Мокошь весьма выразительно смотрит на супруга, с весьма характерным для нее выражением лица, молчаливо говорящим «ну, давай еще сами вместе на причастие сходим». А что такое? Если у монотеистического бога есть хоть немного юмора в запасе, он непременно оценит такую иронию. Мокошь вот ценила не особенно, все еще весьма болезненно воспринимая предательство своего народа, но обсуждать этот вопрос при священнике они, конечно же, не собирались вовсе. Святой отец женщине не нравился, церкви на их земле не нравились тоже, но Перун это знал не хуже жены и не уставал говорить, что их золотой век непременно вернется. Нужно только немного подождать. Можно было бы, пожалуй, поспорить и с этим, но Мокошь не хотела. Ей вообще не нравились споры с супругом, не в последнюю очередь, потому что они не только находились в примерно равных ситуациях и условиях, но еще и разделяли чувства друг друга совершенно безусловно. Так что, вряд ли так могло статься, что Перун мог не понимать негодования супруги. Сарказм его на тему молящихся крестьян, где-то там, глубоко внутри, вызывал отторжение, но в конце концов, это и не для нее было вовсе, а для священника, чьему слабому сердцу не нужно знать, что князья у него – не просто прожженные язычники, а языческие боги и есть.

- Грязь и ноги промокли, - отвечает женщина на вопрос супруга, после чего ее прекрасное лицо искажает явственное негодование и отношение к текущей ситуации. Вряд ли, конечно, Перун спрашивал об этом, но тут правда было мокро, местами слякотно, холодно и грязно. У них-то в саду в Москве дорожки мели и чистили исправно, а здесь вот как-то все было не так и это немало раздражало. Особенно в обстоятельствах, когда чувствовала Мокошь гораздо больше, чем хотела бы, явственно ощущая нечто большее, чем просто чертей, или еще каких тварей в церкви. Да и с чего бы это им там быть вообще? Монотеисты, конечно, не слишком-то разбирались в настоящей магии, но все-таки, истово верующие могли добиться определенных результатов. И в церквях их грязи было много в силу того, что люди приходили к ним с горестями и бедами своими, но вот так, чтобы черти заводились, да еще и священника изгоняли? Тут одно из двух. Либо церковь поразило какое-то злое колдовство, либо, во что Мокошь верила куда охотнее, служитель был настолько греховен и порочен, что даже его монотеистическое начальство от него отрекалось и посылало наказания. Да и потом. У христиан испытания разве же не стояли во главе угла их веры? Испытания, страдания, боль, смерть. Возможно, им и не стоило мешать святому отцу общаться с его богом?

- Верю, - она коротко улыбается супругу, кивая головой. Пальцами она сжимает его ладонь, думая о том, что вообще-то лучше бы пошла вот так сейчас прогуляться с мужем, а не в какую-то там церковь, но он был прав. Статус и божественная суть обязывали чуть больше, чем полностью, - Я ведь сама их создаю, сколько себя помню, - женщина усмехается, отлично зная и цену совпадениям, и случайному стечению обстоятельств. Иной раз все не предусмотришь.
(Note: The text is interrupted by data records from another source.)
(* Let $L$ be an infinite set and let $Q$ be either the edgeless cube $Q_L$ or the edged cube $\bar Q_L$. The universally convergent basic sequences on $Q$ form a submonoid $\mathrm{uc}_L$ of the monoid $\mathrm{m}_L$ of all basic sequences under concatenation.
   Context: Let $L$ be an infinite set, $-L=\{-r:r\in L\}$ a disjoint copy of $L$, and $0$ a new element; $L^\dagger=-L\cup\{0\}\cup L$ with $-(-r)=r$, $-0=0$. Adjoin $\pm\infty$ with $-(+\infty)=-\infty$ and set $\bar L^\dagger=L^\dagger\cup\{\pm\infty\}$. Points of $U=(\bar L^\dagger)^3$ have coordinates $x,y,z$. The edgeless cube $Q_L$ is the set of points of $U$ with exactly one coordinate in $\{\pm\infty\}$ (cells). The edged cube $\bar Q_L$ is the set of cells $(p,i)$ with $p\in U$, $i\in\{x,y,z\}$, $p_i\in\{\pm\infty\}$ ($i$ marks the face). For $i\in\{x,y,z\}$, $\alpha\in\bar L^\dagger$, the quarter-turn twist $T_{i,\alpha}$ is the permutation of cells fixing every cell whose point $p$ has $p_i\ne\alpha$ and acting on the others by $T_{x,\alpha}(\alpha,y,z)=(\alpha,-z,y)$, $T_{y,\alpha}(x,\alpha,z)=(z,\alpha,-x)$, $T_{z,\alpha}(x,y,\alpha)=(-y,x,\alpha)$ (in $\bar Q_L$ the marked coordinate is carried along by the rotation). Basic twists are $T,T^2,T^3$ for quarter-turn twists $T$. A basic sequence is a sequence $\langle\sigma_\eta:\eta<\theta\rangle$ of basic twists of ordinal length $\theta$; $\mathrm{m}_L$ is the monoid of all basic sequences under concatenation, with identity the empty sequence. A labelling is a map $f$ from cells to $X\cup\{\mathrm{NaC}\}$ for a set $X\not\ni\mathrm{NaC}$; it is legal if it never takes value NaC. A twist $\sigma$ acts by $(\sigma f)(c)=f(\sigma^{-1}c)$. Applying $\langle\sigma_\eta:\eta<\theta\rangle$ to $f_0$ produces $f_{\eta+1}=\sigma_\eta f_\eta$, and for limit $\lambda\le\theta$, $f_\lambda(c)$ is the eventually constant value of $f_\eta(c)$ ($\eta<\lambda$) if it exists and NaC otherwise; $f_\theta$ is the terminal labelling. The sequence is universally convergent if, applied to the identity labelling (each cell labelled by itself), its terminal labelling is legal. *)

theory Defs
  imports Main
begin

text \<open>Elements of bar L-dagger over a set L of type 'a: Pos a stands for a (a in L),
  Neg a for -a, Zero for 0, PInf/MInf for +infinity/-infinity.\<close>
datatype 'a ext = Neg 'a | Zero | Pos 'a | PInf | MInf

fun eneg :: "'a ext \<Rightarrow> 'a ext" where
  "eneg (Neg a) = Pos a"
| "eneg (Pos a) = Neg a"
| "eneg Zero = Zero"
| "eneg PInf = MInf"
| "eneg MInf = PInf"

definition barL :: "'a set \<Rightarrow> 'a ext set" where
  "barL L = Neg ` L \<union> Pos ` L \<union> {Zero, PInf, MInf}"

definition is_inf :: "'a ext \<Rightarrow> bool" where
  "is_inf e \<longleftrightarrow> e = PInf \<or> e = MInf"

type_synonym 'a pt = "'a ext \<times> 'a ext \<times> 'a ext"

datatype axis = AX | AY | AZ

fun coord :: "'a pt \<Rightarrow> axis \<Rightarrow> 'a ext" where
  "coord (x, y, z) AX = x"
| "coord (x, y, z) AY = y"
| "coord (x, y, z) AZ = z"

definition in_U :: "'a set \<Rightarrow> 'a pt \<Rightarrow> bool" where
  "in_U L p \<longleftrightarrow> coord p AX \<in> barL L \<and> coord p AY \<in> barL L \<and> coord p AZ \<in> barL L"

definition edgeless_cube :: "'a set \<Rightarrow> 'a pt set" where
  "edgeless_cube L = {(x, y, z). in_U L (x, y, z) \<and>
     ((is_inf x \<and> \<not> is_inf y \<and> \<not> is_inf z) \<or>
      (\<not> is_inf x \<and> is_inf y \<and> \<not> is_inf z) \<or>
      (\<not> is_inf x \<and> \<not> is_inf y \<and> is_inf z))}"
Было ли совпадением, что подобные события произошли именно в их землях? Мокошь точно не знала, но полагала, что исключать подобное было бы излишним. В конце концов, кто знает, что тут происходит и зачем? А если и впрямь, что-то злое, то причина тоже была не вполне ясна. Но Мокошь была намерена во всем разобраться.

- Ты ведь знаешь. Я – сама осторожность, - богиня тихонько смеется, коснувшись супруга мягким и ласковым взглядом, обещавшим, что геройствовать сегодня она не будет. Не было никакой нужды и настроения. В конце концов, они не были в ссоре, ей не нужно было ничего доказывать, а Мокошь не склонна была лезть в вотчину мужа и разрушать привычный ход их жизней и божественных обязанностей.

- Благодарю Вас. Чудесные свечи, - или нет. Мокошь вообще не разбиралась в таких вещах, потому что была богиней и потому что огонь и свет были для нее естественным положением вещей, а все вот эти приспособления – унизительным способом убедиться в том, что божественное еще не покинуло этот мир. Будь они здесь какие-нибудь три тысячи лет назад и осветительные приборы не понадобились бы вовсе. Мокошь и сама отлично могла служить источником света. В прошлом.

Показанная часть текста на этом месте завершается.